Stockach-Wahlwies – Eine gute Auswahl an Bands sorgte beim fünften Erlenhof-Openair-Festival für ausgelassene Stimmung. Mit dabei waren The Durgas & Friends aus Los Angeles, die vor fünf Jahren mit ihrem Auftritt den Grundstein für das kleine jährliche Event legten. Wieder mit großem Erfolg dabei war auch die international besetzte Band The Kahooneys mit Songwriterin Vero Nika, die mit markanter Janis Joplin-Powerstimme bekannte Hits interpretierte. Ebenfall aufgetreten sind Alex Behning & Wilster Ortseinfahrt, und Sheriff aus Gambia.

Tanzende Besucher und gackernde Hühner

Während beim Festival der Bär steppt, muss das Erlenhof-Demeter-Team Getreide ernten. Ein Hahn kräht. Rund 300 Kinder und Erwachsene sind gekommen. Unerschrocken spazieren glückliche Hühner durch das idyllisch gelegene Festival-Gelände. Der Engländer Andy Duroe, Leadsänger und Gitarrist bei den Kahooneys, bespaßt die Kinder unter den Festivalbesuchern mit Zaubershows und Riesen-Seifenblasen.

Festival als Dank an die Mitarbeiter

"Ich bin stolz auf die vielen ehrenamtlichen Helfer" sagt Markus Helmeth. Dieses fünfte Openair-Festival solle der Dank sein an die Mitarbeitenden im Kinderdorf, ihre Familien und Freunde von außen. Helmeth, der als Initiator und Organisator fast überall gleichzeitig anzutreffen ist, wirkt im Kinderdorf seit 18 Jahren als pädagogische Fachkraft und spielt bei den Kahooneys Schlagzeug. Akkordeon spielt dazu die Musiktherapeutin und Helmeths Lebengefährtin Jana Walter.
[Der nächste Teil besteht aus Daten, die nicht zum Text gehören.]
lemma gradient_domination:
  fixes F :: "real^('s \<times> 'a) \<Rightarrow> real"
  assumes F: "occ_polytope P xi \<gamma> \<subseteq> U" "concave_on U F"
    and der: "((\<lambda>p. F (occupancy P xi \<gamma> p)) has_derivative (\<lambda>h. g \<bullet> h)) (at \<pi> within policies)"
    and \<pi>: "\<pi> \<in> policies" and \<pi>': "\<pi>' \<in> policies"
    and B: "\<And>q. q \<in> policies \<Longrightarrow> g \<bullet> (q - \<pi>) \<le> B"
    and C: "\<And>s. state_occupancy \<pi>' s / xi s \<le> C"
  shows "F (occupancy P xi \<gamma> \<pi>') - F (occupancy P xi \<gamma> \<pi>) \<le> C * B"
proof (rule derivative_bound_from_scaled_directions[OF der])
  \<comment> \<open>Along the policy curve \<open>\<pi> + \<alpha> w\<close> that realises the occupancy segment, \<open>F\<close> is concave, and
    the direction \<open>w\<close> rescales \<open>\<pi>' - \<pi>\<close> statewise by weights in \<open>[0, C]\<close>.\<close>
  have "0 \<le> state_occupancy \<pi>' s / xi s" for s
    using state_occupancy_nonneg[OF \<pi>'] xi_pos by (simp add: less_imp_le)
  then have "0 \<le> C" using C order.trans by blast
  then show "0 \<le> C * real CARD('s \<times> 'a)" by simp
  fix \<alpha> :: real assume \<alpha>: "0 < \<alpha>" "\<alpha> \<le> 1"
  let ?w = "mixture_direction \<alpha> \<pi> \<pi>'"
  have weight: "0 \<le> mixture_weight \<alpha> \<pi> \<pi>' s" "mixture_weight \<alpha> \<pi> \<pi>' s \<le> C" for s
    using mixture_weight_bounds[OF \<pi> \<pi>', of \<alpha> s] C[of s] \<alpha> by auto
  have norm_w: "norm ?w \<le> C * real CARD('s \<times> 'a)"
    unfolding mixture_direction_def by (rule norm_scaled_policy_diff_le[OF \<pi> \<pi>' weight])
  have inner_w: "g \<bullet> ?w \<le> C * B"
    unfolding mixture_direction_def by (rule inner_scaled_policy_diff_le[OF \<pi> \<pi>' weight B])
  note step = mixture_step[OF \<pi> \<pi>' less_imp_le[OF \<alpha>(1)] \<alpha>(2)]
  have "(1 - \<alpha>) * F (occupancy P xi \<gamma> \<pi>) + \<alpha> * F (occupancy P xi \<gamma> \<pi>')
      \<le> F (occupancy P xi \<gamma> (\<pi> + \<alpha> *\<^sub>R ?w))"
    unfolding step(2) using \<alpha> F(1) occupancy_in_occ_polytope[OF \<pi>] occupancy_in_occ_polytope[OF \<pi>']
    by (intro concave_onD[OF F(2)]) auto
  then have gain: "\<alpha> * (F (occupancy P xi \<gamma> \<pi>') - F (occupancy P xi \<gamma> \<pi>))
      \<le> F (occupancy P xi \<gamma> (\<pi> + \<alpha> *\<^sub>R ?w)) - F (occupancy P xi \<gamma> \<pi>)"
    by (simp add: algebra_simps)
  show "\<exists>w. \<pi> + \<alpha> *\<^sub>R w \<in> policies \<and> norm w \<le> C * real CARD('s \<times> 'a) \<and> g \<bullet> w \<le> C * B \<and>
      \<alpha> * (F (occupancy P xi \<gamma> \<pi>') - F (occupancy P xi \<gamma> \<pi>))
        \<le> F (occupancy P xi \<gamma> (\<pi> + \<alpha> *\<^sub>R w)) - F (occupancy P xi \<gamma> \<pi>)"
    by (rule exI[of _ ?w]) (intro conjI step(1) norm_w inner_w gain)
qed
(* For z in the algebra g let K(z) = {u. [u, g] is contained in the line C z}. A Lie algebra
  isomorphism f maps K(z) into K(f z), so the following are isomorphism invariants: whether some
  K(z) has dimension >= m, the dimension of the span of the z with dim K(z) >= 5, and whether some
  K(z) is non-abelian.
  In all five algebras the brackets lie in span{y1, y2}. Hence K(z) is contained in the radical of
  the skew form b [u,v]_1 - a [u,v]_2 if z = a y1 + b y2 is nonzero, and in the center otherwise,
  and everything reduces to the radicals of the pencil of forms s [u,v]_1 + t [u,v]_2. Only in N1 is
  some K(z) 7-dimensional (K(y1), as [x3, x7] = y2 is the only bracket with a y2-component); in N5
  every radical has dimension at most 3, so no K(z) reaches dimension 5; in N2 both K(y1) and K(y2)
  are 5-dimensional, while in N3 and N4 the radicals with s <> 0 have dimension at most 3, so the z
  with dim K(z) >= 5 lie on C y1. Finally x1, x2 lie in K(y1) of N3 with [x1, x2] = y1, whereas in
  N4 every radical vanishes on x5, x6, x7 and every bracket of N4 involves one of them, so all K(z)
  are abelian. *)

type_synonym struct_const = "bidx \<Rightarrow> bidx \<Rightarrow> bidx \<Rightarrow> complex"

definition scale9 :: "complex \<Rightarrow> vec9 \<Rightarrow> vec9" where
  "scale9 a u = (\<lambda>k. a * u k)"

definition basis9 :: "bidx \<Rightarrow> vec9" where
  "basis9 i = (\<lambda>k. if k = i then 1 else 0)"

lemma scale9_apply [simp]: "scale9 a u k = a * u k"
  by (simp add: scale9_def)

lemma basis9_apply [simp]: "basis9 i k = (if k = i then 1 else 0)"
  by (simp add: basis9_def)

interpretation C9: vector_space scale9
  by unfold_locales (auto simp: scale9_def fun_eq_iff algebra_simps)

lemma sum_vec9_apply: "(sum f A :: vec9) k = (\<Sum>a\<in>A. f a k)"
  by (induction A rule: infinite_finite_induct) auto

lemma inj_basis9: "inj basis9"
  by (auto simp: inj_def basis9_def fun_eq_iff split: if_splits)

lemma vec9_eq_sum_basis9: "u = (\<Sum>k\<in>UNIV. scale9 (u k) (basis9 k))"
  by (simp add: fun_eq_iff sum_vec9_apply scale9_def if_distrib[of "times _"] cong: if_cong)

lemma independent_basis9: "C9.independent (basis9 ` A)"
proof
  assume "C9.dependent (basis9 ` A)"
  then obtain c where c: "\<exists>v\<in>basis9 ` A. c v \<noteq> 0" "(\<Sum>v\<in>basis9 ` A. scale9 (c v) v) = 0"
    using C9.dependent_finite[of "basis9 ` A"] by auto
  then obtain a where a: "a \<in> A" "c (basis9 a) \<noteq> 0" by blast
  have "0 = (\<Sum>v\<in>basis9 ` A. scale9 (c v) v) a" using c(2) by simp
  also have "\<dots> = (\<Sum>b\<in>A. c (basis9 b) * basis9 b a)"
    by (simp add: sum_vec9_apply sum.reindex[OF inj_on_subset[OF inj_basis9]] scale9_def)
  also have "\<dots> = c (basis9 a)"
    using a(1) by (simp add: if_distrib[of "times _"] eq_commute[of a] cong: if_cong)
  finally show False using a(2) by simp
qed

interpretation C9: finite_dimensional_vector_space scale9 "range basis9"
proof
  show "C9.span (range basis9) = UNIV"
  proof (intro set_eqI iffI UNIV_I)
    fix u :: vec9
    show "u \<in> C9.span (range basis9)"
      by (subst vec9_eq_sum_basis9) (intro C9.span_sum C9.span_scale C9.span_base rangeI)
  qed
qed (simp_all add: independent_basis9)

interpretation C9_pair: finite_dimensional_vector_space_pair_1 scale9 "range basis9" scale9 ..

lemma card_le_dim_if_basis9_subset: "basis9 ` A \<subseteq> S \<Longrightarrow> card A \<le> C9.dim S"
  using C9.dim_subset[of "basis9 ` A" S] C9.dim_eq_card_independent[OF independent_basis9]
  by (simp add: card_image inj_on_subset[OF inj_basis9])

lemma dim_le_card_if_determined:
  assumes S: "C9.subspace S" and det: "\<And>u. u \<in> S \<Longrightarrow> (\<And>k. k \<in> A \<Longrightarrow> u k = 0) \<Longrightarrow> u = 0"
  shows "C9.dim S \<le> card A"
proof -
  define p :: "vec9 \<Rightarrow> vec9" where "p u = (\<lambda>k. if k \<in> A then u k else 0)" for u
  have lin: "Vector_Spaces.linear scale9 scale9 p"
    by (auto simp: Vector_Spaces.linear_iff C9.vector_space_axioms p_def scale9_def fun_eq_iff)
  have "inj_on p S"
  proof (rule inj_onI)
    fix u v assume "u \<in> S" "v \<in> S" "p u = p v"
    then have "u - v = 0"
      by (intro det) (auto simp: C9.subspace_diff[OF S] p_def fun_eq_iff split: if_splits)
    then show "u = v" by simp
  qed
  then have "C9.dim S = C9.dim (p ` S)"
    using C9_pair.dim_image_eq[OF lin, of S] C9.span_eq_iff[THEN iffD2, OF S] by simp
  also have "\<dots> \<le> card (basis9 ` A)"
  proof (rule C9.dim_le_card)
    show "p ` S \<subseteq> C9.span (basis9 ` A)"
    proof
      fix w assume "w \<in> p ` S"
      then obtain u where "w = p u" by blast
      then have "w = (\<Sum>k\<in>A. scale9 (u k) (basis9 k))"
        by (simp add: fun_eq_iff sum_vec9_apply scale9_def p_def if_distrib[of "times _"] cong: if_cong)
      then show "w \<in> C9.span (basis9 ` A)"
        by (simp add: C9.span_sum C9.span_scale C9.span_base)
    qed
  qed simp
  also have "\<dots> \<le> card A" by (rule card_image_le) simp
  finally show ?thesis .
qed

lemma clinear9_iff_linear: "clinear9 f \<longleftrightarrow> Vector_Spaces.linear scale9 scale9 f"
  by (simp add: clinear9_def Vector_Spaces.linear_iff C9.vector_space_axioms scale9_def plus_fun_def)
(* The CircuITS model is marginalization consistent: for every observation set $\mathcal{X}$, every forecasting query $\mathcal{Q}$ with targets $\mathbf{y}$, and every subset $\mathbf{y}_A\subset\mathbf{y}$ of targets with corresponding queries $\mathcal{Q}_A$, $$\int p(\mathbf{y}\mid\mathcal{Q},\mathcal{X})\,d\mathbf{y}_A=p(\mathbf{y}\setminus\mathbf{y}_A\mid\mathcal{Q}\setminus\mathcal{Q}_A,\mathcal{X}).$$
   Context: Data: observations $\mathcal{X}=((t_n,c_n,y_n))_{n=1}^N\subset\mathbb{R}\times\{1,\dots,C\}\times\mathbb{R}$; query $\mathcal{Q}=((t_m^{\mathrm{qry}},c_m^{\mathrm{qry}}))_m$ with targets $\mathbf{y}$; $\mathcal{Q}_c,\mathbf{y}_c$ are the queries/targets of channel $c$. CircuITS defines $p(\mathbf{y}\mid\mathcal{Q},\mathcal{X})$ as follows. Fix $K\ge1$ and an ordering of channels $1,\dots,C$. Leaves: for each channel $c$ and component $k\in\{1,\dots,K\}$ a leaf density $p_{c,k}(\mathbf{y}_c)=\big(\prod_{i}f(y_i;\theta_i^k)\big)|R^{c,k}|^{-1/2}\exp(-\frac12\mathbf{z}^\top((R^{c,k})^{-1}-I)\mathbf{z})$ with $z_i=\Phi^{-1}(F(y_i;\theta_i^k))$ ($\Phi$ the standard normal CDF), where $F(\cdot;\theta)=f_L\circ\dots\circ f_1$, $f_l(x)=\sigma(A_lx+b_l)$ with positive weights (a strictly increasing differentiable CDF, density $f=\partial F/\partial y$); $R^{c,k}_{ij}=\mathbf{v}_i^\top\mathbf{v}_j/H$ for $i\ne j$, $R^{c,k}_{ii}=1$, $\mathbf{v}_i=\tanh(g(\mathbf{e}_i^k))\in\mathbb{R}^H$; $\mathbf{e}_i=\mathrm{Proj}([\phi(t_i^{\mathrm{qry}})\|\tilde{\mathbf{h}}_{c}])$ split into $K$ blocks $\mathbf{e}_i^k$, with $\tilde{\mathbf{h}}_c$ computed from $\mathcal{X}$ only and $\theta_i^k$ a function of $\mathbf{e}_i^k$ (fixed maps $\phi,\mathrm{Proj},g$). If $\mathcal{Q}_c$ is empty, $p_{c,k}\equiv1$. Recursion: $\phi^{(1)}_k=p_{1,k}(\mathbf{y}_1)$; for $c>1$, $\phi^{(c)}_k=\sum_{i,j=1}^K W^{(c)}_{(i,j),k}\,\phi^{(c-1)}_i\,p_{c,j}(\mathbf{y}_c)$ with $W^{(c)}_{(i,j),k}\ge0$, $\sum_{(i,j)}W^{(c)}_{(i,j),k}=1$; finally $p(\mathbf{y}\mid\mathcal{Q},\mathcal{X})=\sum_{k=1}^K w^{\mathrm{root}}_k\phi^{(C)}_k$ with $w^{\mathrm{root}}$ a probability vector. The weights $w^{\mathrm{root}}$ and $W^{(c)}$ are functions of $\mathcal{X}$ only, not of $\mathcal{Q}$. *)

theory Defs
  imports "HOL-Probability.Probability"
begin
Sheriff aus Gambia ist selbst ein Schützling im Kinderdorf

"Das ist schön hier – auch für die Kinder ein unvergessliches Erlebnis", freut sich ein Besucher aus Rheinfelden, der mit anderen jungen Familien auf einem der umliegenden Strohballen sitzt. Alex Behning & Wilster Ortseinfahrt starten mit ihrem Kleinstadtblues ins Festival. "Sekt oder Tee? Sie sagt nee", lautet dazu der sinnige Text. Junge Leute, die selbst im Kinderdorf wohnen oder arbeiten, wirken mit: Sheriff aus Gambia, der im Kinderdorf eine Schreinerlehre beginnt, tritt mit viel Gold im Kostüm auf, singt und trommelt mit Janina im Stakkato. Mit einem Spontan-Auftritt überrascht die im Kinderdorf lebende Schülerin Staniella von den Seychellen.

Die Stimmung ist gut und wird noch besser

Je später der Abend, desto mehr füllt sich das Terrain mit Gästen. Mit dem Auftritt der Band The Kahooneys nähert sich die sowieso schon gute Stimmung dem Siedepunkt. "Oh Eleysa" schallt es zu Fiedel, Kontrabass, Gitarre, Schlagzeug und Akkordeon. Kinder, Eltern, Opas und Omas beginnen, ausgelassen fröhlich zu singen. Die Interaktion mit dem Publikum gelingt auf diesem Rasen. Als Hintergrund-Chor zu "Oh Sweet Mama" werden drei kleine wie Derwische tanzende Jungen auf die Bühne geholt. Alles singt, tanzt und klatscht.

Musik, die von Herzen kommt

Kurz nach 22 Uhr fängt es an zu tröpfeln. Von fern ein leises Donnergrollen. "Die Nacht ist so heiß. Und in jeder Kneipe ist der Teufel los" lautet der Text eines Songs. Wer durchhält, erlebt um Mitternacht die sozial engagierte Band The Durgas aus den USA. Folkrock, Reggae, afrikanischer Beat und osteuropäische Folklore verbinden sich bei ihrer Musik, die mitreißt und von Herzen kommt.